{ :::::::::::::::::::::::::: Anto Lloveras: Foucault, M. (1972) ‘The Discourse on Language’, in The Archaeology of Knowledge and the Discourse on Language. Translated by R. Swyer. New York: Pantheon Books, pp. 215–237.

Wednesday, June 10, 2026

Foucault, M. (1972) ‘The Discourse on Language’, in The Archaeology of Knowledge and the Discourse on Language. Translated by R. Swyer. New York: Pantheon Books, pp. 215–237.
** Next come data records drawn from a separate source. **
(* Let $\mathcal H$ be a Hilbert space, let $J$ be a directed set, let $\{U_j\}_{j\in J}$ be a net of unitary operators on $\mathcal H$, and let $\{\ell_j\}_{j\in J}\subset[0,\infty)$ satisfy $\ell_j\to\infty$. Assume there exists a self-adjoint operator $A$ in $\mathcal H$ such that $U_j\in C^1(A)$ for each $j\in J$, and suppose that the strong limit $$D:=\operatorname{s-lim}_j\frac{1}{\ell_j}[A,U_j]U_j^{-1}$$ exists (the operators being defined for $j$ large enough that $\ell_j\neq0$). Then $\lim_j\langle\varphi,U_j\psi\rangle=0$ for all $\varphi\in\ker(D)^\perp$ and all $\psi\in\mathcal H$.
   Context: The scalar product $\langle\cdot,\cdot\rangle$ is antilinear in the first argument. For a self-adjoint operator $A$ with domain $\mathrm{dom}(A)$ and a bounded operator $S$ on $\mathcal H$, one writes $S\in C^1(A)$ if the map $\mathbb R\ni t\mapsto e^{-itA}Se^{itA}$ is strongly continuously differentiable; equivalently, the quadratic form $\mathrm{dom}(A)\ni\varphi\mapsto\langle A\varphi,S\varphi\rangle-\langle \varphi,SA\varphi\rangle$ is continuous for the topology of $\mathcal H$. In that case $[A,S]$ denotes the bounded operator associated with the continuous extension of this form (i.e. $[A,S]=AS-SA$ in the form sense on $\mathrm{dom}(A)$). *)

theory Defs
  imports "HOL-Analysis.Analysis"
begin

text \<open>The scalar product is antilinear in the first argument, linear in the second.\<close>

class complex_inner = real_normed_vector +
  fixes scaleC :: "complex \<Rightarrow> 'a \<Rightarrow> 'a" (infixr "*\<^sub>C" 75)
    and cinner :: "'a \<Rightarrow> 'a \<Rightarrow> complex"
  assumes scaleC_add_right: "a *\<^sub>C (x + y) = a *\<^sub>C x + a *\<^sub>C y"
    and scaleC_add_left: "(a + b) *\<^sub>C x = a *\<^sub>C x + b *\<^sub>C x"
    and scaleC_scaleC: "a *\<^sub>C (b *\<^sub>C x) = (a * b) *\<^sub>C x"
    and scaleC_one: "1 *\<^sub>C x = x"
    and scaleR_scaleC: "scaleR r x = complex_of_real r *\<^sub>C x"
    and cinner_add_right: "cinner x (y + z) = cinner x y + cinner x z"
    and cinner_scaleC_right: "cinner x (a *\<^sub>C y) = a * cinner x y"
    and cinner_commute: "cinner x y = cnj (cinner y x)"
    and cinner_pos: "x \<noteq> 0 \<Longrightarrow> Re (cinner x x) > 0"
    and norm_eq_sqrt_cinner: "norm x = sqrt (Re (cinner x x))"

class chilbert_space = complex_inner + complete_space

definition csubspace :: "'a::complex_inner set \<Rightarrow> bool" where
  "csubspace S \<longleftrightarrow> 0 \<in> S \<and> (\<forall>x\<in>S. \<forall>y\<in>S. x + y \<in> S) \<and> (\<forall>c. \<forall>x\<in>S. c *\<^sub>C x \<in> S)"

definition bounded_clinear :: "('a::complex_inner \<Rightarrow> 'b::complex_inner) \<Rightarrow> bool" where
  "bounded_clinear f \<longleftrightarrow>
     (\<forall>x y. f (x + y) = f x + f y) \<and> (\<forall>c x. f (c *\<^sub>C x) = c *\<^sub>C f x) \<and>
     (\<exists>K. \<forall>x. norm (f x) \<le> norm x * K)"

definition unitary :: "('a::complex_inner \<Rightarrow> 'a) \<Rightarrow> bool" where
  "unitary U \<longleftrightarrow> bounded_clinear U \<and> surj U \<and> (\<forall>x y. cinner (U x) (U y) = cinner x y)"

text \<open>Self-adjoint (possibly unbounded) operator A with domain Dom: densely defined,
  linear on its domain, and equal to its adjoint (same domain, same action).\<close>
definition self_adjoint :: "('a::complex_inner \<Rightarrow> 'a) \<Rightarrow> 'a set \<Rightarrow> bool" where
  "self_adjoint A Dom \<longleftrightarrow>
     csubspace Dom \<and> closure Dom = UNIV \<and>
     (\<forall>x\<in>Dom. \<forall>y\<in>Dom. A (x + y) = A x + A y) \<and>
     (\<forall>c. \<forall>x\<in>Dom. A (c *\<^sub>C x) = c *\<^sub>C A x) \<and>
     (\<forall>\<psi>. \<psi> \<in> Dom \<longleftrightarrow> (\<exists>\<eta>. \<forall>\<phi>\<in>Dom. cinner \<psi> (A \<phi>) = cinner \<eta> \<phi>)) \<and>
     (\<forall>\<psi>\<in>Dom. \<forall>\<phi>\<in>Dom. cinner \<psi> (A \<phi>) = cinner (A \<psi>) \<phi>)"

text \<open>S \<in> C^1(A): S bounded and the quadratic form
  \<phi> \<mapsto> <A\<phi>, S\<phi>> - <\<phi>, S A \<phi>> on Dom(A) is continuous for the topology of H,
  i.e. it is the restriction of the form of a bounded operator.\<close>
definition C1 :: "('a::complex_inner \<Rightarrow> 'a) \<Rightarrow> 'a set \<Rightarrow> ('a \<Rightarrow> 'a) \<Rightarrow> bool" where
  "C1 A Dom S \<longleftrightarrow> bounded_clinear S \<and>
     (\<exists>B. bounded_clinear B \<and>
        (\<forall>\<phi>\<in>Dom. cinner \<phi> (B \<phi>) = cinner (A \<phi>) (S \<phi>) - cinner \<phi> (S (A \<phi>))))"

text \<open>The commutator [A,S]: the bounded operator associated with the continuous extension
  of the above form (unique by density of Dom and polarization).\<close>
definition commutator :: "('a::complex_inner \<Rightarrow> 'a) \<Rightarrow> 'a set \<Rightarrow> ('a \<Rightarrow> 'a) \<Rightarrow> ('a \<Rightarrow> 'a)" where
  "commutator A Dom S = (THE B. bounded_clinear B \<and>
        (\<forall>\<phi>\<in>Dom. cinner \<phi> (B \<phi>) = cinner (A \<phi>) (S \<phi>) - cinner \<phi> (S (A \<phi>))))"

definition orth_compl :: "'a::complex_inner set \<Rightarrow> 'a set" where
  "orth_compl S = {\<phi>. \<forall>x\<in>S. cinner x \<phi> = 0}"

definition directed_set :: "('j \<Rightarrow> 'j \<Rightarrow> bool) \<Rightarrow> bool" where
  "directed_set le \<longleftrightarrow> (\<forall>a. le a a) \<and> (\<forall>a b c. le a b \<longrightarrow> le b c \<longrightarrow> le a c) \<and>
     (\<forall>a b. \<exists>c. le a c \<and> le b c)"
The Discourse on Language is an inaugural lecture about the danger of beginnings. Foucault begins by staging the desire not to begin, not to enter discourse as a responsible origin, but to be carried by language already in motion. Institutions answer this anxiety by ritualising beginnings: they frame speech, authorise it, seat it, honour it and disarm it. The lecture therefore treats discourse not as transparent communication but as a dangerous material practice that societies must control. Speech proliferates, and this proliferation must be selected, organised, redistributed and limited. The text’s conceptual strength is its anatomy of exclusion. Discourse is controlled through prohibition, division, rejection, truth procedures, commentary, authorship, disciplines and rituals of qualification. Not everyone may speak, not everything may be said, and not every statement counts as serious. The institution does not simply silence speech from outside; it produces the conditions under which certain speech becomes authorised, repeatable and true. The opposition between reason and madness is exemplary because it shows that speech may be nullified before it is answered. A statement can be excluded not by refutation but by disqualification of the speaker. The question then becomes architectural: what kinds of doors, corridors, stages and filters must a discourse cross before it becomes audible? Foucault’s discourse is never only linguistic. It is spatial, institutional, ceremonial and juridical. It is made of desks, chairs, degrees, examination procedures, publication formats, editorial gates, lecture halls, archives and habits of citation.